中国民航大学航空工程学院,天津300300

收稿日期:2019-12-30 出版日期:2021-01-28 发布日期:2021-01-25
通讯作者: 邓云飞(1982-),男,博士,副教授,研究方向为复合材料结构设计及力学性能测试,625599282@qq.com。
作者简介:胡静(1972-),女,硕士,教授,研究方向为航空维修工程。
基金资助:
国家自然科学基金(11702317);航空科学基金(2018ZF67011); 中央高校基本科研业务费资(3122017030)

INFLUENCE OF METAL MESH ON LOW-VELOCITY IMPACT DAMAGE CHARACTERISTICS OF GLASS FIBER REINFORCED COMPOSITES

HU Jing, CAI Xiong-feng, HU Ang, DENG Yun-fei^*

College of Aeronautical Engineering, Civil Aviation University of China, Tianjin 300300, China

Received:2019-12-30 Online:2021-01-28 Published:2021-01-25

摘要/Abstract

摘要： 为研究304不锈钢网对玻璃纤维编织复合材料低速冲击损伤特性的影响,利用落锤试验机分别对2 mm厚的不含、含一层和含三层304不锈钢网的玻璃纤维编织复合材料板进行5 J、20 J、40 J和60 J能量下的冲击实验,从层合板载荷峰值、最大凹陷位移、能量吸收和损伤机理等方面,分析不锈钢网对层合板抗冲击性能的影响规律。研究结果表明,当冲击能量未达到层合板击穿能量阈值前,载荷峰值和最大凹陷位移随着冲击能量的增大而增大。三层不锈钢网的加入使得层合板在较小凹陷位移时就能达到最大载荷,具有良好的抗冲击性能。层合板损伤形状呈十字形,损伤程度沿着厚度方向逐渐加深,背面中心点处损伤最为严重。当冲击能量超过层合板能量阈值时,中心区域损伤呈花瓣开裂状,主要损伤模式为纤维拉伸断裂和基体破碎、金属丝拉伸断裂。

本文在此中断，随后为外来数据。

(* Fix $k\ge2$ and let $\delta:[n]\times[k]\to[n]$ be a uniformly random $k$-map. The probability that $\delta$ has a sink state or a sink pair is $O(n^{-k+1})$ as $n\to\infty$ (with implied constant at most $1+\frac{(k+1)^{2k}}{2(k-1)!}$).
   Context: $\delta_\alpha(i):=\delta(i,\alpha)$. A state $i$ is a sink state if $\delta_\alpha(i)=i$ for all $\alpha\in[k]$. Two distinct states $\{i,j\}$ form a sink pair if the set $N_{ij}=\{i,j,\delta_1(i),\delta_1(j),\dots,\delta_k(i),\delta_k(j)\}$ has cardinality at most $k+1$. *)

theory Defs
  imports "HOL-Probability.Probability"
begin

text \<open>States are [n] = {0..<n}, letters are [k] = {0..<k} (0-based indexing).
  A k-map is a function delta : [n] x [k] -> [n], represented as an extensional
  function on the product set.\<close>

definition kmaps :: "nat \<Rightarrow> nat \<Rightarrow> (nat \<times> nat \<Rightarrow> nat) set" where
  "kmaps n k = ({0..<n} \<times> {0..<k}) \<rightarrow>\<^sub>E {0..<n}"

definition sink_state :: "nat \<Rightarrow> (nat \<times> nat \<Rightarrow> nat) \<Rightarrow> nat \<Rightarrow> bool" where
  "sink_state k \<delta> i \<longleftrightarrow> (\<forall>\<alpha>\<in>{0..<k}. \<delta> (i, \<alpha>) = i)"

definition sink_pair :: "nat \<Rightarrow> (nat \<times> nat \<Rightarrow> nat) \<Rightarrow> nat \<Rightarrow> nat \<Rightarrow> bool" where
  "sink_pair k \<delta> i j \<longleftrightarrow> i \<noteq> j \<and>
     card ({i, j} \<union> (\<lambda>\<alpha>. \<delta> (i, \<alpha>)) ` {0..<k} \<union> (\<lambda>\<alpha>. \<delta> (j, \<alpha>)) ` {0..<k}) \<le> k + 1"

definition has_sink_state_or_pair :: "nat \<Rightarrow> nat \<Rightarrow> (nat \<times> nat \<Rightarrow> nat) \<Rightarrow> bool" where
  "has_sink_state_or_pair n k \<delta> \<longleftrightarrow>
     (\<exists>i\<in>{0..<n}. sink_state k \<delta> i) \<or>
     (\<exists>i\<in>{0..<n}. \<exists>j\<in>{0..<n}. sink_pair k \<delta> i j)"

end

theory Submission
  imports Defs
begin

text \<open>
  Write D = [n] x [k]; a uniform k-map is a
  uniform element of the n^(nk) functions D -> [n].
  (1) If state i is a sink, the k values delta(i,_) are forced: at most n^(nk-k) maps.
  (2) If {i,j} is a sink pair, the set N_ij has at most k+1 elements and lies in [n], so
      it extends to a (k+1)-set S containing i and j, and all 2k values delta(i,_),
      delta(j,_) lie in S: at most (k+1)^(2k) n^(nk-2k) maps for each choice of S and
      of the pair {i,j} inside S.
  The union bound over the n states, the (n choose k+1) sets S and the (k+1 choose 2)
  pairs gives the count in count_sink_maps.  Dividing by n^(nk) and using
  (n choose k+1) (k+1)! <= n^(k+1) turns it into the bound
  (1 + (k+1)^(2k) / (2 (k-1)!)) n^(1-k), valid for every n >= k+1.
\<close>

lemma card_PiE_prescribed:
  assumes "finite D" "R \<subseteq> D"
  shows "card (PiE D (\<lambda>x. if x \<in> R then C else B)) = card C ^ card R * card B ^ (card D - card R)"
proof -
  have "card (PiE D (\<lambda>x. if x \<in> R then C else B)) = (\<Prod>x\<in>D. if x \<in> R then card C else card B)"
    using assms by (simp add: card_PiE if_distrib)
  also have "\<dots> = card C ^ card (D \<inter> {x. x \<in> R}) * card B ^ card (D \<inter> - {x. x \<in> R})"
    using assms by (simp add: prod.If_cases)
  also have "D \<inter> {x. x \<in> R} = R" using assms by auto
  also have "D \<inter> - {x. x \<in> R} = D - R" by auto
  also have "card (D - R) = card D - card R"
    using assms by (simp add: card_Diff_subset finite_subset)
  finally show ?thesis .
qed

lemma extend_to_card:
  assumes "finite U" "X \<subseteq> U" "card X \<le> m" "m \<le> card U"
  obtains S where "X \<subseteq> S" "S \<subseteq> U" "card S = m"
proof -
  have fX: "finite X" using assms finite_subset by blast
  have "m - card X \<le> card (U - X)" using assms by (simp add: card_Diff_subset fX)
  then obtain T where T: "T \<subseteq> U - X" "card T = m - card X" "finite T"
    by (metis obtain_subset_with_card_n)
  have "card (X \<union> T) = card X + card T"
    using T fX by (subst card_Un_disjoint) auto
  then show ?thesis using T assms by (intro that[of "X \<union> T"]) auto
qed

definition sink_state_maps :: "nat \<Rightarrow> nat \<Rightarrow> nat \<Rightarrow> (nat \<times> nat \<Rightarrow> nat) set" where
  "sink_state_maps n k i =
     PiE ({0..<n} \<times> {0..<k}) (\<lambda>x. if x \<in> {i} \<times> {0..<k} then {i} else {0..<n})"

definition confined_maps :: "nat \<Rightarrow> nat \<Rightarrow> nat set \<Rightarrow> nat set \<Rightarrow> (nat \<times> nat \<Rightarrow> nat) set" where
  "confined_maps n k S P =
     PiE ({0..<n} \<times> {0..<k}) (\<lambda>x. if x \<in> P \<times> {0..<k} then S else {0..<n})"

lemma card_sink_state_maps:
  assumes "i < n"
  shows "card (sink_state_maps n k i) = n ^ (n * k - k)"
  unfolding sink_state_maps_def
  by (subst card_PiE_prescribed) (use assms in \<open>auto simp: card_cartesian_product\<close>)

lemma card_confined_maps:
  assumes "P \<subseteq> {0..<n}" "card P = 2"
  shows "card (confined_maps n k S P) = card S ^ (2 * k) * n ^ (n * k - 2 * k)"
proof -
  have "finite P" using assms finite_subset by blast
  then show ?thesis
    unfolding confined_maps_def
    by (subst card_PiE_prescribed) (use assms in \<open>auto simp: card_cartesian_product\<close>)
qed

lemma sink_state_in_sink_state_maps:
  assumes "\<delta> \<in> kmaps n k" "sink_state k \<delta> i"
  shows "\<delta> \<in> sink_state_maps n k i"
  using assms by (auto simp: kmaps_def sink_state_maps_def sink_state_def PiE_iff)

lemma sink_pair_confined:
  assumes km: "\<delta> \<in> kmaps n k" and n: "k + 1 \<le> n"
    and ij: "i < n" "j < n" "sink_pair k \<delta> i j"
  obtains S where "S \<subseteq> {0..<n}" "card S = k + 1" "{i, j} \<subseteq> S" "card {i, j} = 2"
    "\<delta> \<in> confined_maps n k S {i, j}"
proof -
  define N where "N = {i, j} \<union> (\<lambda>\<alpha>. \<delta> (i, \<alpha>)) ` {0..<k} \<union> (\<lambda>\<alpha>. \<delta> (j, \<alpha>)) ` {0..<k}"
  have "i \<noteq> j" and "card N \<le> k + 1" using ij by (auto simp: sink_pair_def N_def)
  moreover have "N \<subseteq> {0..<n}" using km ij by (auto simp: N_def kmaps_def PiE_iff)
  ultimately obtain S where S: "N \<subseteq> S" "S \<subseteq> {0..<n}" "card S = k + 1"
    using extend_to_card[of "{0..<n}" N "k + 1"] n by auto
  have "\<delta> \<in> confined_maps n k S {i, j}"
    using km S by (auto simp: confined_maps_def kmaps_def PiE_iff N_def)
  then show ?thesis using S \<open>i \<noteq> j\<close> by (intro that) (auto simp: N_def)
qed

lemma bad_maps_covered:
  assumes "k + 1 \<le> n"
  defines "SS \<equiv> {S. S \<subseteq> {0..<n} \<and> card S = k + 1}"
    and "PP \<equiv> \<lambda>S. {P. P \<subseteq> S \<and> card P = 2}"
  shows "{\<delta> \<in> kmaps n k. has_sink_state_or_pair n k \<delta>}
    \<subseteq> (\<Union>i\<in>{0..<n}. sink_state_maps n k i) \<union> (\<Union>S\<in>SS. \<Union>P\<in>PP S. confined_maps n k S P)"
proof
  fix \<delta> assume "\<delta> \<in> {\<delta> \<in> kmaps n k. has_sink_state_or_pair n k \<delta>}"
  then have km: "\<delta> \<in> kmaps n k" and bad: "has_sink_state_or_pair n k \<delta>" by auto
  show "\<delta> \<in> (\<Union>i\<in>{0..<n}. sink_state_maps n k i) \<union> (\<Union>S\<in>SS. \<Union>P\<in>PP S. confined_maps n k S P)"
    using bad unfolding has_sink_state_or_pair_def
  proof (elim disjE bexE)
    fix i assume "i \<in> {0..<n}" "sink_state k \<delta> i"
    then show ?thesis using sink_state_in_sink_state_maps[OF km] by blast
  next
    fix i j assume "i \<in> {0..<n}" "j \<in> {0..<n}" "sink_pair k \<delta> i j"
    then obtain S where "S \<subseteq> {0..<n}" "card S = k + 1" "{i, j} \<subseteq> S" "card {i, j} = 2"
        "\<delta> \<in> confined_maps n k S {i, j}"
      using sink_pair_confined[OF km assms(1)] by auto
    then have "S \<in> SS" "{i, j} \<in> PP S" "\<delta> \<in> confined_maps n k S {i, j}"
      by (simp_all add: SS_def PP_def)
    then show ?thesis by blast
  qed
qed

lemma count_sink_maps:
  assumes n: "k + 1 \<le> n"
  shows "card {\<delta> \<in> kmaps n k. has_sink_state_or_pair n k \<delta>}
    \<le> n * n ^ (n * k - k) + (n choose (k + 1)) * ((k + 1) choose 2) * ((k + 1) ^ (2 * k) * n ^ (n * k - 2 * k))"
proof -
  define SS where "SS = {S. S \<subseteq> {0..<n} \<and> card S = k + 1}"
  define PP where "PP S = {P. P \<subseteq> S \<and> card P = 2}" for S :: "nat set"
  define b where "b = (k + 1) ^ (2 * k) * n ^ (n * k - 2 * k)"
  have fSS: "finite SS" unfolding SS_def by (rule finite_subset[of _ "Pow {0..<n}"]) auto
  have fin_S: "finite S" "card S = k + 1" "S \<subseteq> {0..<n}" if "S \<in> SS" for S
    using that by (auto simp: SS_def intro: finite_subset)
  have fPP: "finite (PP S)" "card (PP S) = (k + 1) choose 2" if "S \<in> SS" for S
    using fin_S[OF that] by (auto simp: PP_def n_subsets intro: finite_subset[of _ "Pow S"])
  have card_conf: "card (confined_maps n k S P) = b" if "S \<in> SS" "P \<in> PP S" for S P
    using that fin_S[OF that(1)] by (auto simp: PP_def b_def card_confined_maps)
  have fin_sink: "finite (sink_state_maps n k i)" for i
    by (simp add: sink_state_maps_def finite_PiE)
  have fin_conf: "finite (confined_maps n k S P)" if "S \<in> SS" for S P
    using fin_S[OF that] by (simp add: confined_maps_def finite_PiE)
  have cover: "{\<delta> \<in> kmaps n k. has_sink_state_or_pair n k \<delta>}
      \<subseteq> (\<Union>i\<in>{0..<n}. sink_state_maps n k i) \<union> (\<Union>S\<in>SS. \<Union>P\<in>PP S. confined_maps n k S P)"
    using bad_maps_covered[OF n] by (simp only: SS_def PP_def)
  have "card {\<delta> \<in> kmaps n k. has_sink_state_or_pair n k \<delta>}
      \<le> card ((\<Union>i\<in>{0..<n}. sink_state_maps n k i) \<union> (\<Union>S\<in>SS. \<Union>P\<in>PP S. confined_maps n k S P))"
    using fSS fPP(1) fin_sink fin_conf by (intro card_mono[OF _ cover]) auto
  also have "\<dots> \<le> card (\<Union>i\<in>{0..<n}. sink_state_maps n k i) + card (\<Union>S\<in>SS. \<Union>P\<in>PP S. confined_maps n k S P)"
    by (rule card_Un_le)
  also have "card (\<Union>i\<in>{0..<n}. sink_state_maps n k i) \<le> (\<Sum>i\<in>{0..<n}. card (sink_state_maps n k i))"
    by (rule card_UN_le) simp
  also have "\<dots> = n * n ^ (n * k - k)" by (simp add: card_sink_state_maps)
  also have "card (\<Union>S\<in>SS. \<Union>P\<in>PP S. confined_maps n k S P)
      \<le> (\<Sum>S\<in>SS. \<Sum>P\<in>PP S. card (confined_maps n k S P))"
    using fSS fPP by (intro order.trans[OF card_UN_le] sum_mono card_UN_le) auto
  also have "\<dots> = (\<Sum>S\<in>SS. ((k + 1) choose 2) * b)"
    using card_conf fPP by (intro sum.cong) auto
  also have "\<dots> = (n choose (k + 1)) * ((k + 1) choose 2) * b"
    by (simp add: SS_def n_subsets)
  finally show ?thesis by (simp add: b_def)
qed

text \<open>(k+1 choose 2) * 2 * (k-1)! = (k+1)!, which turns the pair count into a factorial.\<close>
lemma choose_two_times_fact:
  assumes "k \<ge> 1"
  shows "((k + 1) choose 2) * 2 * fact (k - 1) = (fact (k + 1) :: nat)"
proof -
  have "((k + 1) choose 2) * 2 = (k + 1) * k" by (simp add: choose_two)
  moreover have "fact (k + 1) = (k + 1) * k * (fact (k - 1) :: nat)"
    using assms fact_reduce[where 'a=nat and n=k] by (simp add: algebra_simps)
  ultimately show ?thesis by simp
qed

lemma normalized_count_bound:
  fixes k n :: nat
  assumes k: "k \<ge> 1" and n: "k + 1 \<le> n"
  shows "real (n * n ^ (n * k - k) + (n choose (k + 1)) * ((k + 1) choose 2) * ((k + 1) ^ (2 * k) * n ^ (n * k - 2 * k)))
     / real n ^ (n * k)
     \<le> (1 + real ((k + 1) ^ (2 * k)) / (2 * fact (k - 1))) * real n powr (- real k + 1)"
proof -
  define x where "x = real n"
  define C where "C = real ((n choose (k + 1)) * ((k + 1) choose 2))"
  define M where "M = real ((k + 1) ^ (2 * k))"
  define F :: real where "F = fact (k - 1)"
  have x0: "x > 0" using n by (simp add: x_def)
  have F0: "F > 0" by (simp add: F_def)
  have "C * (2 * F) = real ((n choose (k + 1)) * fact (k + 1))"
    using choose_two_times_fact[OF k, symmetric] by (simp add: C_def F_def mult.assoc)
  also have "\<dots> \<le> x ^ (k + 1)"
    unfolding x_def of_nat_power[symmetric] by (rule of_nat_mono, rule binomial_fact_pow)
  finally have pairs: "C * (2 * F) \<le> x ^ (k + 1)" .
  have split1: "x ^ (n * k) = x ^ (n * k - k) * x ^ k"
    using n by (simp add: power_add[symmetric])
  have split2: "x ^ (n * k) = x ^ (n * k - 2 * k) * x ^ (2 * k)"
    using n by (subst power_add[symmetric]) (simp add: le_diff_conv2)
  have lhs: "real (n * n ^ (n * k - k) + (n choose (k + 1)) * ((k + 1) choose 2) * ((k + 1) ^ (2 * k) * n ^ (n * k - 2 * k)))
     / real n ^ (n * k) = x / x ^ k + C * M / x ^ (2 * k)"
  proof -
    have "real (n * n ^ (n * k - k) + (n choose (k + 1)) * ((k + 1) choose 2) * ((k + 1) ^ (2 * k) * n ^ (n * k - 2 * k)))
        / real n ^ (n * k) = x * x ^ (n * k - k) / x ^ (n * k) + C * M * x ^ (n * k - 2 * k) / x ^ (n * k)"
      by (simp add: x_def C_def M_def add_divide_distrib)
    also have "x * x ^ (n * k - k) / x ^ (n * k) = x / x ^ k"
      using x0 by (subst split1) simp
    also have "C * M * x ^ (n * k - 2 * k) / x ^ (n * k) = C * M / x ^ (2 * k)"
      using x0 by (subst split2) simp
    finally show ?thesis .
  qed
  have sq: "x ^ (2 * k) = x ^ k * x ^ k" by (simp add: mult_2 power_add)
  have "C * M / x ^ (2 * k) = (C * (2 * F)) * (M / (2 * F)) / (x ^ k * x ^ k)"
    using F0 unfolding sq by simp
  also have "\<dots> \<le> x ^ (k + 1) * (M / (2 * F)) / (x ^ k * x ^ k)"
    using pairs F0 x0 by (intro divide_right_mono mult_right_mono) (auto simp: M_def)
  also have "\<dots> = M / (2 * F) * (x / x ^ k)"
    using x0 by (simp add: field_simps)
  finally have second: "C * M / x ^ (2 * k) \<le> M / (2 * F) * (x / x ^ k)" .
  have "real n powr (- real k + 1) = real n powr 1 / real n powr real k"
    by (metis add.commute diff_conv_add_uminus powr_diff)
  also have "\<dots> = x / x ^ k" using x0 by (simp add: x_def powr_realpow)
  finally have power: "real n powr (- real k + 1) = x / x ^ k" .
  have "x / x ^ k + C * M / x ^ (2 * k) \<le> (1 + M / (2 * F)) * (x / x ^ k)"
    using second by (simp only: distrib_right mult_1_left)
  then show ?thesis unfolding lhs power M_def F_def .
qed

theorem mainTheorem3:
  fixes k :: nat
  assumes "k \<ge> 2"
  shows "\<exists>N. \<forall>n\<ge>N.
    measure_pmf.prob (pmf_of_set (kmaps n k)) {\<delta>. has_sink_state_or_pair n k \<delta>}
      \<le> (1 + real ((k + 1) ^ (2 * k)) / (2 * fact (k - 1))) * real n powr (- real k + 1)"
proof (intro exI[of _ "k + 1"] allI impI)
  fix n assume n: "k + 1 \<le> n"
  have fin: "finite (kmaps n k)" and ne: "kmaps n k \<noteq> {}"
    using n by (auto simp: kmaps_def finite_PiE PiE_eq_empty_iff)
  have card: "card (kmaps n k) = n ^ (n * k)" by (simp add: kmaps_def card_PiE)
  have "measure_pmf.prob (pmf_of_set (kmaps n k)) {\<delta>. has_sink_state_or_pair n k \<delta>}
      = real (card {\<delta> \<in> kmaps n k. has_sink_state_or_pair n k \<delta>}) / real n ^ (n * k)"
    by (simp add: measure_pmf_of_set[OF ne fin] card Int_def)
  also have "\<dots> \<le> real (n * n ^ (n * k - k) + (n choose (k + 1)) * ((k + 1) choose 2)
                 * ((k + 1) ^ (2 * k) * n ^ (n * k - 2 * k))) / real n ^ (n * k)"
    by (intro divide_right_mono of_nat_mono count_sink_maps[OF n]) simp
  also have "\<dots> \<le> (1 + real ((k + 1) ^ (2 * k)) / (2 * fact (k - 1))) * real n powr (- real k + 1)"
    using assms n by (intro normalized_count_bound) auto
  finally show "measure_pmf.prob (pmf_of_set (kmaps n k)) {\<delta>. has_sink_state_or_pair n k \<delta>}
      \<le> (1 + real ((k + 1) ^ (2 * k)) / (2 * fact (k - 1))) * real n powr (- real k + 1)" .
qed

end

关键词: 弹体, 玻璃纤维增强复合材料, 低速冲击, 损伤分析

Abstract: In order to investigate the influence of 304 stainless steel mesh on the low-velocity impact damage characteristics of glass fiber woven composite materials, the 2 mm thick glass fiber woven composite plates without and with one layer and three layers of 304 stainless steel mesh were impacted by drop-weight tester at 5 J, 20 J, 40 J, and 60 J energies, and also the influence of stainless steel mesh was analyzed on the aspects of load peak, maximum depression displacement, energy absorption, and damage mechanism. The results show that the peak load and the maximum depression displacement increase with the increase of the impact energy before the impact energy reaches the energy threshold of perforation. The addition of a three-layer stainless steel mesh enables the laminate to reach its maximum load at a small depression displacement, and has best impact resistance. The failure mode of the laminated plate is cruciform, the damage degree gradually deepens along the thickness, the damage degree is gradually serious along the thickness direction, and the damage is the most serious at the center point of the back surface. When the impact energy exceeds the energy threshold, the damage in the center area is petaling. The domain damage modes of plate are fiber tensile fracture and matrix fracture, and metal wire tensile fracture.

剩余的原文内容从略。